В то же мгновение, как последний звук вылетает изо рта Палмера, Теодор одним рывком бросается на него и хватает за ворот линялой футболки, чтобы в следующую секунду замахнуться и с огромной, заполняющей тесное пространство фургона яростью, врезать кулаком мальчишке прямо в нос.

– Теодор! – кричит Бен. Он хватает друга за плечи и тянет назад, пытается оттащить от хохочущего в голос Палмера, как будто ему дорога жизнь этого никчемного безумного эпилептика. Тот свалился со стула и корчится на полу.
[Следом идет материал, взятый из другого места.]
(* Let $\mathbb{R}^m$ be endowed with a norm $\|\cdot\|$. Let $\bar A\in\mathbb{R}^{(m+1)\times n}$ have at least two different columns and let $v\in\mathbb{R}^m$. Then for all $\bar u\in F(v)$ and all $x\in\Delta_{n-1}$, \[ \min\{\|x-z\|_1: z\in\Delta_{n-1},\ \bar Az=\bar u\}\le\frac{2\|\bar Ax-\bar u\|_v}{\Phi_v(\bar A)}. \]
   Context: $\Delta_{n-1}=\{x\in\mathbb{R}^n_+:\sum_ix_i=1\}$. A matrix is identified with the set of its columns; $\mathrm{conv}(\bar A)=\{\bar Ax:x\in\Delta_{n-1}\}$. For $\bar w=(w,w_{m+1})\in\mathbb{R}^{m+1}$, $\|\bar w\|_v=\sqrt{\|w\|^2+|\langle v,w\rangle+w_{m+1}|}$; for nonempty $F,G\subseteq\mathbb{R}^{m+1}$, $\mathrm{dist}_v(F,G)=\min_{\bar w\in F,\bar w'\in G}\|\bar w-\bar w'\|_v$. $F(v)=\operatorname{Argmin}_{\bar w\in\mathrm{conv}(\bar A)}\langle(v,1),\bar w\rangle$, a face of $\mathrm{conv}(\bar A)$. The local facial distance is $\Phi_v(\bar A)=\min\{\mathrm{dist}_v(G,\mathrm{conv}(\bar A\setminus G)):G\text{ a face of }F(v),\ \emptyset\ne G\ne\mathrm{conv}(\bar A)\}$, where $\bar A\setminus G$ denotes the columns of $\bar A$ not in $G$. *)

theory Defs
  imports "HOL-Analysis.Analysis"
begin

definition is_norm :: "('a::real_vector \<Rightarrow> real) \<Rightarrow> bool" where
  "is_norm N \<longleftrightarrow> (\<forall>x. 0 \<le> N x) \<and> (\<forall>x. N x = 0 \<longleftrightarrow> x = 0)
     \<and> (\<forall>c x. N (c *\<^sub>R x) = \<bar>c\<bar> * N x) \<and> (\<forall>x y. N (x + y) \<le> N x + N y)"

definition std_simplex :: "('n::finite \<Rightarrow> real) set" where
  "std_simplex = {x. (\<forall>i. 0 \<le> x i) \<and> sum x UNIV = 1}"

text \<open>Matrix with columns A j in R^{m+1} = R^m x R, times vector x.\<close>
definition matvec :: "('n::finite \<Rightarrow> (real^'m::finite) \<times> real) \<Rightarrow> ('n \<Rightarrow> real) \<Rightarrow> (real^'m::finite) \<times> real" where
  "matvec A x = (\<Sum>i\<in>UNIV. x i *\<^sub>R A i)"

definition conv_mat :: "('n::finite \<Rightarrow> (real^'m::finite) \<times> real) \<Rightarrow> ((real^'m::finite) \<times> real) set" where
  "conv_mat A = convex hull (range A)"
У мальчишки окровавлен нос, губы красные и оскал зубов быстро покрывается розовой слюной.

Теодор замахивается второй раз.

– Либо ты рассказываешь мне все что знаешь, либо я изобью тебя до смерти! – рычит он под причитания Бена и сумасшедший смех Палмера.

– Попробуй, говнюк! – глотая кровавую слюну, вопит тот. – Посмотрим, как это у тебя получится!

Что-то в его голосе, в интонациях, в той уверенности, с которой он выставляется, заставляет Теодора разжать кулак и отпустить ворот его футболки. Палмер с гулким стуком ударяется головой об пол.

– И это все? – Его взгляд мечется с лица Теодора на его руку, а потом он тоже вдруг обмирает и поднимает глаза обратно. – А-а-а… Дошло, наконец?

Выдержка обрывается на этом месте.